> **Problem statement**
Exactly reproduce the lines from the top of the entries below through the line containing "define G where", with both ends included.

Dataset content START

(* Let $G=\langle S_k\mid K\rangle$ be a finitely generated semigroup as described in the context with $K$ primitive, $\mathcal{A}$ a finite alphabet, and $X_{\mathbf{A}}$ a hom Markov tree shift on $G$ with $\mathbf{A}=(A,\dots,A)$. If $A$ is primitive, then the topological entropy $h=\lim_{n\to\infty}\log p_n/|\Delta_n|$ exists and equals $h^{(s)}(X_{\mathbf{A}})$.
   Context: Let $K$ be a $k\times k$ $\{0,1\}$-matrix indexed by $S_k=\{s_1,\dots,s_k\}$ and $G=\langle S_k\mid K\rangle$ the semigroup generated by $S_k$ with relations $s_is_j=1_G$ iff $K(s_i,s_j)=0$. Every $g\in G$ has a unique minimal representation $g=g_1\cdots g_n$ ($g_l\in S_k$, $K(g_l,g_{l+1})=1$), $|g|=n$. $\Delta_n=\{h\in G:|h|\le n\}$ and $\bar{\Delta}^{(g)}_n=\{gh: |h|\le n,\ |gh|=|g|+|h|\}$. A pattern $u:H\to\mathcal{A}$ ($H\subset G$ finite) is accepted by $t\in\mathcal{A}^G$ if there is $g$ with $t_{gh}=u_h$ for all $h\in H$; $p_n$ (resp. $p^{(g)}_n$) is the number of patterns on $\Delta_n$ (resp. $\bar{\Delta}^{(g)}_n$) accepted by some element of the shift. For a $k$-tuple $\mathbf{A}=(A_1,\dots,A_k)$ of $\{0,1\}$-matrices indexed by $\mathcal{A}$, $X_{\mathbf{A}}=\{t\in\mathcal{A}^G: A_i(t_g,t_{gs_i})=1 \text{ for all } g,i \text{ with } |gs_i|=|g|+1\}$; it is hom if all $A_i$ equal one matrix $A$. The $i$th stem entropy is $h^{(s_i)}=\limsup_n\log p^{(s_i)}_n/|\bar{\Delta}^{(s_i)}_n|$; since $K$ is primitive these coincide and $h^{(s)}$ denotes their common value. A matrix is primitive if some power has all entries positive. *)

theory Defs
  imports "HOL-Analysis.Analysis"
begin
lemma generator_truncated_resolvent:
  shows truncated_resolvent_in_dom: "truncated_resolvent x \<in> D"
    and generator_truncated_resolvent_eq:
      "A (truncated_resolvent x) = truncated_resolvent x + exp (- 1) *\<^sub>R S 1 x - x"
proof -
  define f where "f = damped_orbit x"
  define F where "F a = integral {0..a} f" for a
  define G where "G h = exp h *\<^sub>R (F (1 + h) - F h)" for h
  \<comment> \<open>G h = S h (J x) for small h > 0, so the difference quotient of J x is that of G at 0\<close>
  have dF: "(F has_vector_derivative f a) (at a within {0..2})" if "a \<in> {0..2}" for a
    unfolding F_def f_def
    by (rule integral_has_vector_derivative[OF continuous_on_subset[OF continuous_on_damped_orbit] that])
      auto
  have "((\<lambda>h. 1 + h) has_vector_derivative 1) (at 0 within {0..1})"
    by (auto intro!: derivative_eq_intros)
  moreover have "(F has_vector_derivative f 1) (at 1 within (\<lambda>h. 1 + h) ` {0..1})"
    by (rule has_vector_derivative_within_subset[OF dF]) auto
  ultimately have dF1: "((\<lambda>h. F (1 + h)) has_vector_derivative f 1) (at 0 within {0..1})"
    using vector_diff_chain_within[of "\<lambda>h. 1 + h" 1 0 "{0..1}" F "f 1"] by (simp add: o_def)
  have dF0: "(F has_vector_derivative f 0) (at 0 within {0..1})"
    by (rule has_vector_derivative_within_subset[OF dF]) auto
  have "(G has_vector_derivative (exp 0 *\<^sub>R (f 1 - f 0) + exp 0 *\<^sub>R (F (1 + 0) - F 0)))
      (at 0 within {0..1})"
    unfolding G_def
    by (intro has_vector_derivative_scaleR has_vector_derivative_diff dF1 dF0
        DERIV_exp[THEN has_field_derivative_at_within])
  then have "((\<lambda>h. (1 / h) *\<^sub>R (G (0 + h) - G 0)) \<longlongrightarrow> truncated_resolvent x + exp (- 1) *\<^sub>R S 1 x - x)
      (at_right 0)"
    using has_vector_derivative_right_quotient[of G _ 0 1]
    by (simp add: F_def f_def damped_orbit_def truncated_resolvent_apply algebra_simps)
  moreover have "G h = S h (truncated_resolvent x)" if "0 < h" "h < 1" for h
  proof -
    have "F h + integral {h..1 + h} f = F (1 + h)"
      unfolding F_def f_def using that damped_orbit_integrable[of 0 x "1 + h"]
      by (intro Henstock_Kurzweil_Integration.integral_combine) auto
    then have "F (1 + h) - F h = integral {h..1 + h} f"
      by (metis add_diff_cancel_left')
    then show ?thesis
      using that by (simp add: G_def f_def S_truncated_resolvent)
  qed
  moreover have "G 0 = truncated_resolvent x"
    by (simp add: G_def F_def f_def truncated_resolvent_apply)
  ultimately have "((\<lambda>h. diff_quot S h (truncated_resolvent x)) \<longlongrightarrow>
      truncated_resolvent x + exp (- 1) *\<^sub>R S 1 x - x) (at_right 0)"
    by (elim Lim_transform_eventually) (auto intro!: eventually_at_rightI[of 0 1])
  then show "truncated_resolvent x \<in> D"
    and "A (truncated_resolvent x) = truncated_resolvent x + exp (- 1) *\<^sub>R S 1 x - x"
    by (rule generator_domI, rule generator_eqI)
qed

lemma norm_exp_S1_less: "norm (exp (- 1) *\<^sub>R S 1) < 1"
proof -
  have "norm (exp (- 1) *\<^sub>R S 1) \<le> exp (- 1) * 1"
    using norm_S_le[of 1] by (simp add: mult_left_mono)
  also have "\<dots> < 1" by simp
  finally show ?thesis .
qed

lemma inv_id_minus_S1_commute:
  assumes "L o\<^sub>L S 1 = S 1 o\<^sub>L L"
  shows "L o\<^sub>L inv_id_minus (exp (- 1) *\<^sub>R S 1) = inv_id_minus (exp (- 1) *\<^sub>R S 1) o\<^sub>L L"
  using assms by (intro inv_id_minus_commute[OF norm_exp_S1_less] blinfun_commuteI)
    (simp add: blinfun.scaleR_right blinfun.scaleR_left blinfun_commute_apply)

definition resolvent :: "'a \<Rightarrow>\<^sub>L 'a" where
  "resolvent = truncated_resolvent o\<^sub>L inv_id_minus (exp (- 1) *\<^sub>R S 1)"

lemma resolvent_commute:
  assumes L: "\<And>h. h \<ge> 0 \<Longrightarrow> L o\<^sub>L S h = S h o\<^sub>L L"
  shows "L o\<^sub>L resolvent = resolvent o\<^sub>L L"
  using truncated_resolvent_commute[OF L] inv_id_minus_S1_commute[OF L[of 1]]
  by (simp add: resolvent_def flip: blinfun_compose_assoc) (simp add: blinfun_compose_assoc)

lemma resolvent_in_dom: "resolvent y \<in> D"
  by (simp add: resolvent_def truncated_resolvent_in_dom)

lemma generator_resolvent: "A (resolvent y) = resolvent y - y"
  using id_minus_inv_id_minus[OF norm_exp_S1_less, of y]
  by (simp add: resolvent_def generator_truncated_resolvent_eq blinfun.scaleR_left algebra_simps)

lemma resolvent_generator:
  assumes x: "x \<in> D"
  shows "resolvent (x - A x) = x"
proof -
  let ?J = truncated_resolvent and ?N = "inv_id_minus (exp (- 1) *\<^sub>R S 1)"
  have J: "?J o\<^sub>L S h = S h o\<^sub>L ?J" if "h \<ge> 0" for h
    using truncated_resolvent_commute[of "S h"] S_commute[OF that] by simp
  have "resolvent (x - A x) = ?N (?J x - ?J (A x))"
    using blinfun_commute_apply[OF inv_id_minus_S1_commute[OF J]]
    by (simp add: resolvent_def blinfun.diff_right)
  also have "?J (A x) = A (?J x)"
    using generator_commute(2)[OF J x] by simp
  also have "?N (?J x - A (?J x)) = x"
    using inv_id_minus_id_minus[OF norm_exp_S1_less, of x]
    by (simp add: generator_truncated_resolvent_eq blinfun.scaleR_left)
  finally show ?thesis .
qed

Dataset content END

> **Exercise answer**
(* Let $G=\langle S_k\mid K\rangle$ be a finitely generated semigroup as described in the context with $K$ primitive, $\mathcal{A}$ a finite alphabet, and $X_{\mathbf{A}}$ a hom Markov tree shift on $G$ with $\mathbf{A}=(A,\dots,A)$. If $A$ is primitive, then the topological entropy $h=\lim_{n\to\infty}\log p_n/|\Delta_n|$ exists and equals $h^{(s)}(X_{\mathbf{A}})$.
   Context: Let $K$ be a $k\times k$ $\{0,1\}$-matrix indexed by $S_k=\{s_1,\dots,s_k\}$ and $G=\langle S_k\mid K\rangle$ the semigroup generated by $S_k$ with relations $s_is_j=1_G$ iff $K(s_i,s_j)=0$. Every $g\in G$ has a unique minimal representation $g=g_1\cdots g_n$ ($g_l\in S_k$, $K(g_l,g_{l+1})=1$), $|g|=n$. $\Delta_n=\{h\in G:|h|\le n\}$ and $\bar{\Delta}^{(g)}_n=\{gh: |h|\le n,\ |gh|=|g|+|h|\}$. A pattern $u:H\to\mathcal{A}$ ($H\subset G$ finite) is accepted by $t\in\mathcal{A}^G$ if there is $g$ with $t_{gh}=u_h$ for all $h\in H$; $p_n$ (resp. $p^{(g)}_n$) is the number of patterns on $\Delta_n$ (resp. $\bar{\Delta}^{(g)}_n$) accepted by some element of the shift. For a $k$-tuple $\mathbf{A}=(A_1,\dots,A_k)$ of $\{0,1\}$-matrices indexed by $\mathcal{A}$, $X_{\mathbf{A}}=\{t\in\mathcal{A}^G: A_i(t_g,t_{gs_i})=1 \text{ for all } g,i \text{ with } |gs_i|=|g|+1\}$; it is hom if all $A_i$ equal one matrix $A$. The $i$th stem entropy is $h^{(s_i)}=\limsup_n\log p^{(s_i)}_n/|\bar{\Delta}^{(s_i)}_n|$; since $K$ is primitive these coincide and $h^{(s)}$ denotes their common value. A matrix is primitive if some power has all entries positive. *)

theory Defs
  imports "HOL-Analysis.Analysis"
begin
lemma generator_truncated_resolvent:
  shows truncated_resolvent_in_dom: "truncated_resolvent x \<in> D"
    and generator_truncated_resolvent_eq:
      "A (truncated_resolvent x) = truncated_resolvent x + exp (- 1) *\<^sub>R S 1 x - x"
proof -
  define f where "f = damped_orbit x"
  define F where "F a = integral {0..a} f" for a
  define G where "G h = exp h *\<^sub>R (F (1 + h) - F h)" for h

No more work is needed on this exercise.